Licorice Pizza is a story about two freewheeling hucksters in love, with Alana determined to snag a man or a job that’ll facilitate her flight, and Gary driven to strike it rich by hook or by crook. First with a waterbed business, and then as a pinball arcade magnate, Gary proves an intrepid entrepreneur whose guiding ethos is embodied by a James Bond marquee (Live and Let Die), and he falls for Alana precisely because they’re two of a mad kind. That similarity both attracts and repels, and it’s to Haim and Hoffman’s credit that they manage the sparks that unite Alana and Gary, and the frustration and anger that frequently splits them apart. They share an unaffected, magnetic chemistry, expressing a deft mixture of bluster, ferocity, jealousy, stubbornness and vulnerability as their protagonists sprint headlong into one misadventure after another.

Haim and Hoffman are the endearing centers of Licorice Pizza, and Anderson surrounds them with a cavalcade of scene-stealing luminaries. Penn is more amusing than he’s been in years as Holden (a riff on William Holden), who winds up caring less about Alana than about recreating a motorcycle stunt from one of his famous roles with the aid of director Rex Blau (Tom Waits). John Michael Higgins gets a couple of laughs as a clownishly racist Japanese restaurant proprietor. And Bradley Cooper is a hilariously sleazy delight as real-life movie producer Jon Peters, who purchases one of Gary’s waterbeds and, upon delivery, delivers an extended, coked-up rant to Gary in which he clarifies the proper pronunciation of his girlfriend’s name (Barbra Strei-sand) and threatens to murder Gary’s younger brother with his bare hands.
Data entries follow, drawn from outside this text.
text \<open>Korenblum (growth) space on the unit disc. Functions are total on \<complex>;
only their values on the open unit disc matter.\<close>

definition korenblum_norm :: "real \<Rightarrow> (complex \<Rightarrow> complex) \<Rightarrow> real" where
  "korenblum_norm \<alpha> f = (SUP z\<in>ball 0 1. (1 - (cmod z)^2) powr \<alpha> * cmod (f z))"

definition in_korenblum :: "real \<Rightarrow> (complex \<Rightarrow> complex) \<Rightarrow> bool" where
  "in_korenblum \<alpha> f \<longleftrightarrow> f holomorphic_on ball 0 1 \<and>
     bdd_above ((\<lambda>z. (1 - (cmod z)^2) powr \<alpha> * cmod (f z)) ` ball 0 1)"

definition korenblum_op_norm :: "real \<Rightarrow> ((complex \<Rightarrow> complex) \<Rightarrow> (complex \<Rightarrow> complex)) \<Rightarrow> real" where
  "korenblum_op_norm \<alpha> T =
     Sup {korenblum_norm \<alpha> (T f) | f. in_korenblum \<alpha> f \<and> korenblum_norm \<alpha> f \<le> 1}"

definition wcomp_T :: "real \<Rightarrow> (complex \<Rightarrow> complex) \<Rightarrow> (complex \<Rightarrow> complex)" where
  "wcomp_T t f = (\<lambda>z. (1 / ((of_real t - 1) * z + 1)) * f (of_real t / ((of_real t - 1) * z + 1)))"

end

theory Submission
  imports Defs
begin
The 1973 oil crisis is the catalyst for an unhinged Peters’ gas station freak-out, as well as what may be the most suspenseful running-on-empty, rolling-downhill car sequence in cinema history. Those, however, are just two of the numerous highlights of Anderson’s rambunctious drama, which shifts gears with aplomb. Its every extended tracking shot is perfectly integrated into the action proper (the best being at a local convention featuring a blink-and-you’ll-miss-him John C. Reilly cameo as The Munsters’ paterfamilias), and its every segue into slow-motion and needle drop is attuned to its characters’ volatile emotions and circumstances. Anderson hasn’t played this fast and loose since his earliest films, and yet unlike those efforts, there are no look-at-me flourishes to be found here, only the effusive enthusiasm of a master in total command of his material’s rhythm, energy, and mood.

Gary and Alana dash toward the future with heedless excitement and a bit of fear, the latter born from their shared understanding that they may only have a finite number of chances to truly forge a connection with each other. Their tumultuous blend of hope and dread, of unbridled boldness and nagging insecurity, is the stuff that young love is made of, and it’s imagined in such precise, personal terms by Anderson, Haim and Hoffman that, by Licorice Pizza’s conclusion, it comes to feel exhilaratingly universal.